German guitarist (1956–2018)

Jochen "Zeno" Roth (30 June 1956 – 5 February 2018) was a German guitarist and songwriter, playing in a neoclassical/blues style. He was the younger brother of guitarist Uli Jon Roth.

== Biography ==
In the 1970s, Roth and Ule W. Ritgen formed Black Angel in Hanover, and played together for a few years while attending university.
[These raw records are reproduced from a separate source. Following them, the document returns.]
(* Termination: a step from Running tc Fixed either ends the run or fixes one
   further attribute of R, so card (R - Fixed) strictly decreases, while every
   running state has a successor.  Hence no run is infinite and some run
   reaches a final answer.

   Soundness: attributes of F are fixed from the start and only unfixed
   attributes are ever overwritten, so t_c keeps t's values on F; a tuple is
   returned only when the loop condition fails, which is the required
   non-violation property.

   Completeness: given a good tuple tg, the run keeps t_c equal to tg on Fixed
   and to the initial tuple elsewhere.  Unfixed cells hold fresh variables, so
   an LHS on which t_c agrees with some t' in I' lies inside Fixed, where t_c
   coincides with tg.  A failing step would then exhibit a violation by tg,
   and an assigning step copies exactly tg's value.  So phi is unreachable. *)

lemma rtranclp_invariant:
  assumes "r\<^sup>*\<^sup>* s0 s" and "P s0" and "\<And>s s'. r s s' \<Longrightarrow> P s \<Longrightarrow> P s'"
  shows "P s"
  using assms(1) by (induction rule: rtranclp_induct) (auto intro: assms(2,3))

text \<open>Choosing an index above all variable indices in the finitely many cells of
  t and I' restricted to R yields fresh variables, hence an admissible t_c.\<close>
lemma fa_init_exists:
  fixes t :: "('a, 'c) tuple"
  assumes "finite R" and "finite I'"
  shows "\<exists>tc0. fa_init R t F I' tc0"
proof -
  define U where "U = t ` R \<union> (\<Union>t'\<in>I'. t' ` R)"
  have "finite U" using assms unfolding U_def by auto
  define idx :: "('a, 'c) cell \<Rightarrow> nat" where
    "idx c = (case c of Const _ \<Rightarrow> 0 | Var _ i \<Rightarrow> i)" for c
  define N where "N = Suc (Max (idx ` U))"
  have fresh: "Var B N \<notin> U" for B
  proof
    assume "Var B N \<in> U"
    then have "idx (Var B N) \<le> Max (idx ` U)" using \<open>finite U\<close> by (intro Max_ge) auto
    then show False unfolding idx_def N_def by simp
  qed
  define tc0 where "tc0 B = (if B \<in> F then t B else Var B N)" for B
  have "fa_init R t F I' tc0"
    unfolding fa_init_def
  proof (intro conjI ballI impI)
    fix B assume "B \<in> F" then show "tc0 B = t B" unfolding tc0_def by simp
  next
    fix B assume "B \<in> R - F" then show "is_var (tc0 B)" unfolding tc0_def is_var_def by auto
  next
    fix B D assume "B \<in> R - F" "D \<in> R"
    then show "tc0 B \<noteq> t D" using fresh[of B] unfolding tc0_def U_def by auto
  next
    fix B t' D assume "B \<in> R - F" "t' \<in> I'" "D \<in> R"
    then show "tc0 B \<noteq> t' D" using fresh[of B] unfolding tc0_def U_def by auto
  next
    fix B D assume "B \<in> R - F" "D \<in> R" "D \<noteq> B"
    then show "tc0 B \<noteq> tc0 D" using fresh[of B] unfolding tc0_def U_def by auto
  qed
  then show ?thesis by blast
qed

lemma running_can_step: "\<exists>s'. fa_step I' Sigma' C (Running tc Fixed) s'"
proof (cases "\<exists>t'\<in>I' - C. \<exists>(X, A)\<in>Sigma'. agree tc t' X \<and> tc A \<noteq> t' A")
  case True
  then obtain t' X A where "t' \<in> I' - C" "(X, A) \<in> Sigma'" "agree tc t' X" "tc A \<noteq> t' A"
    by auto
  then show ?thesis by (cases "A \<in> Fixed") (blast intro: fa_step.fail fa_step.assign)+
next
  case False
  then show ?thesis by (blast intro: fa_step.ret)
qed

lemma running_step_progress:
  assumes "\<forall>(X, A)\<in>Sigma'. X \<subseteq> R \<and> A \<in> R" and "finite R"
    and "fa_step I' Sigma' C (Running tc Fixed) (Running tc' Fixed')" and "Fixed \<subseteq> R"
  shows "Fixed' \<subseteq> R \<and> card (R - Fixed') < card (R - Fixed)"
  using assms(3)
proof cases
  case (assign t' X A)
  then have "A \<in> R" using assms(1) by auto
  then have "card (R - insert A Fixed) < card (R - Fixed)"
    using assign assms(2) by (intro psubset_card_mono) auto
  then show ?thesis using assign \<open>A \<in> R\<close> assms(4) by auto
qed

text \<open>No run from a state with Fixed \<subseteq> R is infinite: along a run the measure
  card (R - Fixed) drops at every step.\<close>
lemma no_infinite_run:
  assumes "\<forall>(X, A)\<in>Sigma'. X \<subseteq> R \<and> A \<in> R" and "finite R" and "F \<subseteq> R"
  shows "\<not> (\<exists>f. f 0 = Running tc0 F \<and> (\<forall>n. fa_step I' Sigma' C (f n) (f (Suc n))))"
proof
  assume "\<exists>f. f 0 = Running tc0 F \<and> (\<forall>n. fa_step I' Sigma' C (f n) (f (Suc n)))"
  then obtain f where f0: "f 0 = Running tc0 F"
    and steps: "\<And>n. fa_step I' Sigma' C (f n) (f (Suc n))" by blast
  have running: "\<exists>tc Fixed. f n = Running tc Fixed" for n
    using steps[of n] by (cases rule: fa_step.cases) auto
  have bound: "\<exists>tc Fixed. f n = Running tc Fixed \<and> Fixed \<subseteq> R \<and> card (R - Fixed) + n \<le> card (R - F)"
    for n
  proof (induction n)
    case 0
    then show ?case using f0 assms(3) by auto
  next
    case (Suc n)
    then obtain tc Fixed where fn: "f n = Running tc Fixed" "Fixed \<subseteq> R"
      "card (R - Fixed) + n \<le> card (R - F)" by blast
    obtain tc' Fixed' where fSn: "f (Suc n) = Running tc' Fixed'" using running by blast
    have "Fixed' \<subseteq> R \<and> card (R - Fixed') < card (R - Fixed)"
      using running_step_progress[OF assms(1,2)] steps[of n] fn fSn by simp
    then show ?case using fn fSn by auto
  qed
  from bound[of "Suc (card (R - F))"] show False by auto
qed

lemma final_state_reachable:
  assumes "\<forall>(X, A)\<in>Sigma'. X \<subseteq> R \<and> A \<in> R" and "finite R"
  shows "Fixed \<subseteq> R \<Longrightarrow> \<exists>r. (fa_step I' Sigma' C)\<^sup>*\<^sup>* (Running tc Fixed) r \<and>
                              (r = NoAssignment \<or> (\<exists>tc. r = Returned tc))"
proof (induction "card (R - Fixed)" arbitrary: tc Fixed rule: less_induct)
  case less
  obtain s' where step: "fa_step I' Sigma' C (Running tc Fixed) s'"
    using running_can_step by blast
  show ?case
  proof (cases s')
    case (Running tc' Fixed')
    then have "Fixed' \<subseteq> R \<and> card (R - Fixed') < card (R - Fixed)"
      using running_step_progress[OF assms] step less.prems by simp
    then obtain r where "(fa_step I' Sigma' C)\<^sup>*\<^sup>* s' r"
      "r = NoAssignment \<or> (\<exists>tc. r = Returned tc)"
      using less.hyps Running by blast
    then show ?thesis using step by (blast intro: converse_rtranclp_into_rtranclp)
  qed (use step in auto)
qed

definition keeps_on :: "'a set \<Rightarrow> ('a, 'c) tuple \<Rightarrow> ('a, 'c) fa_state \<Rightarrow> bool" where
  "keeps_on F t s = (case s of
       Running tc Fixed \<Rightarrow> F \<subseteq> Fixed \<and> (\<forall>B\<in>F. tc B = t B)
     | Returned tc \<Rightarrow> (\<forall>B\<in>F. tc B = t B)
     | NoAssignment \<Rightarrow> True)"

text \<open>Only unfixed attributes are overwritten, so keeps_on is a step invariant.\<close>
lemma keeps_on_step:
  assumes "fa_step I' Sigma' C s s'" and "keeps_on F t s"
  shows "keeps_on F t s'"
  using assms by (cases rule: fa_step.cases) (auto simp: keeps_on_def)

text \<open>A returned tuple violates no FD with a tuple of I' - C: it is returned
  exactly when the loop condition fails.\<close>
lemma returned_is_consistent:
  assumes "(fa_step I' Sigma' C)\<^sup>*\<^sup>* (Running tc0 Fixed) (Returned tc)"
  shows "\<forall>t'\<in>I' - C. \<forall>(X, A)\<in>Sigma'. \<not> (agree tc t' X \<and> tc A \<noteq> t' A)"
proof -
  obtain s where "fa_step I' Sigma' C s (Returned tc)"
    using assms by (cases rule: rtranclp.cases) auto
  then show ?thesis by (auto elim: fa_step.cases)
qed

definition tracks :: "'a set \<Rightarrow> 'a set \<Rightarrow> ('a, 'c) tuple \<Rightarrow> ('a, 'c) tuple \<Rightarrow>
    ('a, 'c) fa_state \<Rightarrow> bool" where
  "tracks R F tc0 tg s = (case s of
       Running tc Fixed \<Rightarrow> F \<subseteq> Fixed \<and> Fixed \<subseteq> R \<and>
         (\<forall>B\<in>R - Fixed. tc B = tc0 B) \<and> (\<forall>B\<in>Fixed. tc B = tg B)
     | Returned tc \<Rightarrow> True
     | NoAssignment \<Rightarrow> False)"

text \<open>Unfixed cells still hold fresh variables, which occur in no tuple of I';
  so any set of attributes of R on which t_c agrees with a tuple of I' is fixed.\<close>
lemma agreement_only_on_fixed:
  assumes "fa_init R t F I' tc0" and "F \<subseteq> Fixed"
    and "\<forall>B\<in>R - Fixed. tc B = tc0 B"
    and "t' \<in> I'" and "X \<subseteq> R" and "agree tc t' X"
  shows "X \<subseteq> Fixed"
proof
  fix B assume "B \<in> X"
  show "B \<in> Fixed"
  proof (rule ccontr)
    assume "B \<notin> Fixed"
    moreover have "B \<in> R" using assms(5) \<open>B \<in> X\<close> by blast
    ultimately have "tc0 B = t' B" "B \<in> R - F"
      using assms(2,3,6) \<open>B \<in> X\<close> unfolding agree_def by auto
    then show False using assms(1,4) \<open>B \<in> R\<close> unfolding fa_init_def by blast
  qed
qed

text \<open>Tracking a good tuple is a step invariant: a failing step would make tg
  violate an FD, and an assigning step copies tg's value.\<close>
lemma tracks_step:
  assumes fds: "\<forall>(X, A)\<in>Sigma'. X \<subseteq> R \<and> A \<in> R"
    and init: "fa_init R t F I' tc0"
    and good: "\<forall>t'\<in>I' - C. \<forall>fd\<in>Sigma'. \<not> violates tg t' fd"
    and step: "fa_step I' Sigma' C s s'" and inv: "tracks R F tc0 tg s"
  shows "tracks R F tc0 tg s'"
  using step
proof cases
  case (fail t' X A tc Fixed)
  have F_fixed: "F \<subseteq> Fixed" and untouched: "\<forall>B\<in>R - Fixed. tc B = tc0 B"
    and on_fixed: "\<forall>B\<in>Fixed. tc B = tg B"
    using inv fail(1) unfolding tracks_def by auto
  have "X \<subseteq> R" using fds fail(4) by auto
  then have "X \<subseteq> Fixed"
    using agreement_only_on_fixed[OF init F_fixed untouched] fail(3,5) by blast
  then have "agree tg t' X"
    using on_fixed fail(5) unfolding agree_def by (simp add: subset_iff)
  moreover have "tg A \<noteq> t' A" using on_fixed fail(6,7) by auto
  ultimately have "violates tg t' (X, A)" unfolding violates_def by simp
  then show ?thesis using good fail(3,4) by blast
next
  case (assign t' X A tc Fixed)
  have F_fixed: "F \<subseteq> Fixed" and fixed_R: "Fixed \<subseteq> R"
    and untouched: "\<forall>B\<in>R - Fixed. tc B = tc0 B" and on_fixed: "\<forall>B\<in>Fixed. tc B = tg B"
    using inv assign(1) unfolding tracks_def by auto
  have "X \<subseteq> R" using fds assign(4) by auto
  then have "X \<subseteq> Fixed"
    using agreement_only_on_fixed[OF init F_fixed untouched] assign(3,5) by blast
  then have "agree tg t' X"
    using on_fixed assign(5) unfolding agree_def by (simp add: subset_iff)
  then have "tg A = t' A" using good assign(3,4) unfolding violates_def by fastforce
  moreover have "A \<in> R" using fds assign by auto
  ultimately show ?thesis
    using F_fixed fixed_R untouched on_fixed assign unfolding tracks_def by auto
qed (simp add: tracks_def)
lemma conv_permute:
  assumes p: "p permutes {..<k}"
  shows "conv k q = conv k (\<lambda>j. q (p j))"
proof (rule ext)
  fix \<beta>
  have pi: "p j < k \<longleftrightarrow> j < k" for j
    using permutes_in_image[OF p] by auto
  have sum_perm: "(\<Sum>j<k. \<gamma> (p' j)) = (\<Sum>j<k. \<gamma> j)" if "p' permutes {..<k}" for \<gamma> :: "nat \<Rightarrow> 'a \<Rightarrow> nat" and p'
    using sum.reindex_bij_betw[OF permutes_imp_bij[OF that], of \<gamma>] .
  show "conv k q \<beta> = conv k (\<lambda>j. q (p j)) \<beta>"
    unfolding conv_def
  proof (rule sum.reindex_bij_witness[where j = "\<lambda>\<gamma>. restrict (\<gamma> \<circ> p) {..<k}"
        and i = "\<lambda>\<gamma>. restrict (\<gamma> \<circ> inv p) {..<k}"])
    fix \<gamma> assume g: "\<gamma> \<in> splits k \<beta>"
    then have gP: "\<gamma> \<in> PiE {..<k} (\<lambda>_. UNIV)" by (simp add: splits_def)
    show "restrict (restrict (\<gamma> \<circ> p) {..<k} \<circ> inv p) {..<k} = \<gamma>"
      by (rule permute_restrict_inverse(1)[OF p gP])
    show "restrict (restrict (\<gamma> \<circ> inv p) {..<k} \<circ> p) {..<k} = \<gamma>"
      by (rule permute_restrict_inverse(2)[OF p gP])
    show "restrict (\<gamma> \<circ> p) {..<k} \<in> splits k \<beta>"
      using g sum_perm[OF p, of \<gamma>] pi by (simp add: splits_def)
    have "(\<Sum>j<k. restrict (\<gamma> \<circ> inv p) {..<k} j) = (\<Sum>j<k. \<gamma> (inv p j))" by simp
    also have "\<dots> = (\<Sum>j<k. \<gamma> j)" by (rule sum_perm[OF permutes_inv[OF p]])
    finally show "restrict (\<gamma> \<circ> inv p) {..<k} \<in> splits k \<beta>"
      using g by (simp add: splits_def)
    show "(\<Prod>j<k. q (p j) (restrict (\<gamma> \<circ> p) {..<k} j)) = (\<Prod>j<k. q j (\<gamma> j))"
      using prod.reindex_bij_betw[OF permutes_imp_bij[OF p], of "\<lambda>j. q j (\<gamma> j)"] by simp
  qed
qed

lemma comp_op_symmetric:
  fixes gs hs :: "(('m::finite \<Rightarrow> nat) \<Rightarrow> complex^'l::finite) list" and f :: "('l \<Rightarrow> nat) \<Rightarrow> complex^'d::finite"
  assumes len: "length gs = k" and m: "mset gs = mset hs"
  shows "comp_op f k gs = comp_op f k hs"
proof (rule ext)
  fix \<beta>
  obtain p where p0: "p permutes {..<length gs}" "permute_list p gs = hs"
    using mset_eq_permutation[OF m[symmetric]] by blast
  have p: "p permutes {..<k}" using p0 len by simp
  have hs: "hs ! j = gs ! p j" if "j < k" for j
    using permute_list_nth[OF p0(1)] p0(2) len that by auto
  have factors_eq: "conv k (\<lambda>j. coord (hs ! j) (restrict (t \<circ> p) {..<k} j))
      = conv k (\<lambda>j. coord (gs ! p j) (t (p j)))" for t
    by (rule conv_cong) (simp add: hs)
  have reorder: "conv k (\<lambda>j. coord (gs ! p j) (t (p j))) = conv k (\<lambda>j. coord (gs ! j) (t j))" for t
    using conv_permute[OF p, of "\<lambda>j. coord (gs ! j) (t j)"] by simp
  have coeff_eq: "sym_coeff f k (restrict (t \<circ> p) {..<k}) = sym_coeff f k t" for t
    by (simp add: sym_coeff_def letters_permute[OF p])
  have "comp_op f k hs \<beta>
      = (\<Sum>t\<in>words k. conv k (\<lambda>j. coord (hs ! j) (restrict (t \<circ> p) {..<k} j)) \<beta> *s sym_coeff f k (restrict (t \<circ> p) {..<k}))"
    unfolding comp_op_def by (rule sum.reindex_bij_betw[OF bij_betw_permute_words[OF p], symmetric])
  also have "\<dots> = (\<Sum>t\<in>words k. conv k (\<lambda>j. coord (gs ! p j) (t (p j))) \<beta> *s sym_coeff f k t)"
    by (simp only: factors_eq coeff_eq)
  also have "\<dots> = comp_op f k gs \<beta>"
    unfolding comp_op_def by (simp only: reorder)
  finally show "comp_op f k gs \<beta> = comp_op f k hs \<beta>" by simp
qed

lemma nth_replace_mid:
  assumes "j \<noteq> length xs"
  shows "(xs @ w # ys) ! j = (xs @ u # ys) ! j"
  using assms by (auto simp: nth_append nth_Cons split: nat.split)
lemma contained_perm_inv:
  assumes p: "p \<in> Sn k" and r: "r \<in> Sn m" and "p \<prec> r"
  shows "perm_inv p \<prec> perm_inv r"
proof -
  obtain f where f_mono: "\<forall>i j. i < j \<and> j < k \<longrightarrow> f i < f j"
      and f_range: "\<forall>i < k. f i < m"
      and f_order: "\<forall>i < k. \<forall>j < k. (p ! i < p ! j \<longleftrightarrow> r ! (f i) < r ! (f j))"
    using \<open>p \<prec> r\<close> p r unfolding contained_def Sn_def by auto
  have f_less_iff: "f i < f j \<longleftrightarrow> i < j" if "i < k" "j < k" for i j
    using f_mono that by (metis linorder_neqE_nat not_less_iff_gr_or_eq)
  \<comment> \<open>Inversion swaps positions and values: value \<open>v\<close> of \<open>p\<close> sits at position \<open>perm_inv p ! v\<close>,
    which \<open>f\<close> sends to a position of \<open>r\<close>; the value there is the position of \<open>perm_inv r\<close> used.\<close>
  define g where "g v = r ! (f (perm_inv p ! v))" for v
  have g_range: "g v < m" if "v < k" for v
    using r f_range perm_inv_nth(1)[OF p that] unfolding g_def Sn_def by auto
  have perm_inv_g: "perm_inv r ! g v = f (perm_inv p ! v)" if "v < k" for v
    using perm_inv_nth_eq_iff[OF r g_range[OF that]] f_range perm_inv_nth(1)[OF p that]
    unfolding g_def by simp
  show ?thesis unfolding contained_def
  proof (intro exI[of _ g] conjI allI impI)
    fix u v assume uv: "u < v \<and> v < length (perm_inv p)"
    then have "u < k" "v < k" using p unfolding Sn_def by auto
    moreover have "p ! (perm_inv p ! u) < p ! (perm_inv p ! v)"
      using uv perm_inv_nth(2)[OF p] calculation by simp
    ultimately show "g u < g v"
      using f_order perm_inv_nth(1)[OF p] unfolding g_def by blast
  next
    fix v assume "v < length (perm_inv p)"
    then show "g v < length (perm_inv r)" using p r g_range unfolding Sn_def by simp
  next
    fix u v assume "u < length (perm_inv p)" "v < length (perm_inv p)"
    then show "perm_inv p ! u < perm_inv p ! v \<longleftrightarrow> perm_inv r ! g u < perm_inv r ! g v"
      using p perm_inv_g f_less_iff perm_inv_nth(1)[OF p] unfolding Sn_def by auto
  qed
qed
definition cesaro_weight :: "real \<Rightarrow> real \<Rightarrow> real" where
  "cesaro_weight T a = indicator {0..T} a * (1 - a / T)"

lemma borel_measurable_cesaro_weight [measurable]: "cesaro_weight T \<in> borel_measurable borel"
  unfolding cesaro_weight_def by measurable

lemma abs_cesaro_weight_le: "\<bar>cesaro_weight T a\<bar> \<le> indicator {0..T} a"
proof (cases "a \<in> {0..T}")
  case True
  then have "0 \<le> a / T" "a / T \<le> 1" by (auto simp: divide_le_eq_1)
  then show ?thesis using True by (simp add: cesaro_weight_def)
qed (simp add: cesaro_weight_def)

lemma cesaro_weight_tendsto:
  "(\<lambda>n. cesaro_weight (real (Suc n)) a) \<longlonglongrightarrow> indicator {0..} a"
proof (cases "a \<ge> 0")
  case True
  obtain N :: nat where "a \<le> real N" using real_arch_simple by blast
  then have "eventually (\<lambda>n. cesaro_weight (real (Suc n)) a = 1 - a * inverse (real (Suc n)))
      sequentially"
    unfolding eventually_sequentially
    using True by (intro exI[of _ N]) (auto simp: cesaro_weight_def divide_inverse)
  moreover have "(\<lambda>n. 1 - a * inverse (real (Suc n))) \<longlonglongrightarrow> 1 - a * 0"
    by (intro tendsto_intros LIMSEQ_inverse_real_of_nat)
  ultimately show ?thesis using True by (simp add: tendsto_cong)
qed (simp add: cesaro_weight_def)

text \<open>One half of the Fejer kernel \<open>T (sin (pi T y) / (pi T y))\<^sup>2\<close>.\<close>
definition fejer_kernel :: "real \<Rightarrow> real \<Rightarrow> real" where
  "fejer_kernel T y = (LINT a|lborel. cesaro_weight T a * cos (2 * pi * a * y))"

lemma fejer_kernel_eq:
  assumes T: "T > 0" and y: "y \<noteq> 0"
  shows "fejer_kernel T y = (1 - cos (2 * pi * y * T)) / (T * (2 * pi * y)^2)"
proof -
  define c where "c = 2 * pi * y"
  have "c \<noteq> 0" using y by (simp add: c_def)
  define F where "F a = (1 - a / T) * sin (c * a) / c - cos (c * a) / (T * c^2)" for a
  have "(F has_real_derivative (1 - a / T) * cos (2 * pi * a * y)) (at a)" for a
    unfolding F_def using \<open>c \<noteq> 0\<close> T
    by (auto intro!: derivative_eq_intros simp: c_def field_simps power2_eq_square)
  then have "(F has_vector_derivative (1 - a / T) * cos (2 * pi * a * y)) (at a within {0..T})"
    for a
    by (simp add: has_real_derivative_iff_has_vector_derivative[symmetric]
        has_field_derivative_at_within)
  moreover have "continuous_on {0..T} (\<lambda>a. (1 - a / T) * cos (2 * pi * a * y))"
    by (intro continuous_intros) (use T in auto)
  ultimately have "(LINT a|lborel. indicator {0..T} a *\<^sub>R ((1 - a / T) * cos (2 * pi * a * y)))
      = F T - F 0"
    using T by (intro integral_FTC_atLeastAtMost) auto
  also have "\<dots> = (1 - cos (2 * pi * y * T)) / (T * (2 * pi * y)^2)"
    unfolding F_def c_def using T by (simp add: mult_ac diff_divide_distrib)
  finally show ?thesis by (simp add: fejer_kernel_def cesaro_weight_def mult.assoc)
qed

lemma abs_fejer_kernel_le:
  assumes T: "T > 0" and y: "y \<noteq> 0"
  shows "\<bar>fejer_kernel T y\<bar> \<le> 1 / (2 * pi^2 * T * y^2)"
proof -
  have pos: "T * (2 * pi * y)^2 > 0" using T y by simp
  have "\<bar>1 - cos (2 * pi * y * T)\<bar> \<le> 2" by (smt (verit) cos_ge_minus_one cos_le_one)
  then have "\<bar>fejer_kernel T y\<bar> \<le> 2 / (T * (2 * pi * y)^2)"
    using pos by (simp add: fejer_kernel_eq[OF T y] abs_div_pos divide_right_mono)
  also have "\<dots> = 1 / (2 * pi^2 * T * y^2)" by (simp add: power2_eq_square field_simps)
  finally show ?thesis .
qed
lemma lsc_dist_separated_quotient:
  "lsc_map (prod_topology separated_quotient separated_quotient) (\<lambda>z. d (fst z) (snd z))"
  unfolding lsc_map_def
proof
  fix u
  let ?Q = separated_quotient and ?\<rho> = "\<lambda>z. (rep (fst z), rep (snd z))"
  have qm: "quotient_map (prod_topology X X) (prod_topology ?Q ?Q) ?\<rho>" (is "quotient_map ?XX ?QQ _")
  proof (rule continuous_imp_quotient_map)
    show "continuous_map (prod_topology X X) (prod_topology ?Q ?Q) ?\<rho>"
      by (intro continuous_map_pairedI continuous_map_compose[OF continuous_map_fst continuous_map_rep,
            unfolded o_def] continuous_map_compose[OF continuous_map_snd continuous_map_rep, unfolded o_def])
    show "?\<rho> ` topspace (prod_topology X X) = topspace (prod_topology ?Q ?Q)"
      using image_paired_Times[of rep rep "topspace X" "topspace X"]
      by (simp add: case_prod_unfold topspace_separated_quotient)
  qed (simp_all add: compact compact_space_prod_topology Hausdorff_separated_quotient
        Hausdorff_space_prod_topology)
  have "{z \<in> topspace ?XX. ?\<rho> z \<in> {z \<in> topspace ?QQ. u < d (fst z) (snd z)}}
      = {z \<in> topspace ?XX. u < d (fst z) (snd z)}"
  proof -
    have "?\<rho> z \<in> topspace ?QQ" "d (rep (fst z)) (rep (snd z)) = d (fst z) (snd z)"
      if "z \<in> topspace ?XX" for z
      using that by (auto simp: topspace_separated_quotient dist_rep)
    then show ?thesis
      by auto
  qed
  then have "openin ?XX {z \<in> topspace ?XX. ?\<rho> z \<in> {z \<in> topspace ?QQ. u < d (fst z) (snd z)}}"
    using lsc_dist unfolding lsc_map_def by simp
  then show "openin ?QQ {z \<in> topspace ?QQ. u < d (fst z) (snd z)}"
    using qm[unfolded quotient_map_def, THEN conjunct2, rule_format,
        of "{z \<in> topspace ?QQ. u < d (fst z) (snd z)}"]
    by simp
qed

lemma MetCH_sep_separated_quotient: "MetCH_sep separated_quotient d"
  unfolding MetCH_sep_iff MetCH_def
proof (intro conjI ballI impI)
  have Q: "topspace separated_quotient \<subseteq> topspace X"
    using rep_in_topspace by (auto simp: topspace_separated_quotient)
  fix x y assume "x \<in> topspace separated_quotient" "y \<in> topspace separated_quotient" "d x y = 0 \<and> d y x = 0"
  then show "x = y"
    using rep_eq_iff rep_rep Q by (auto simp: topspace_separated_quotient indist_def dist_rep)
qed (use compact_separated_quotient Hausdorff_separated_quotient lsc_dist_separated_quotient
         topspace_separated_quotient rep_in_topspace dist_refl dist_triangle in auto)

end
After the band, which played music influenced by Eric Clapton, Jimi Hendrix, etc., broke up in 1977, Ritgen played bass in Zeno's brother Uli Jon Roth's band Electric Sun, appearing on three of their albums. By 1980, Zeno Roth and Ule Ritgen were again working together, now playing in a more melodic style. They were joined by Michael Flexig on vocals, and the band was named Zeno.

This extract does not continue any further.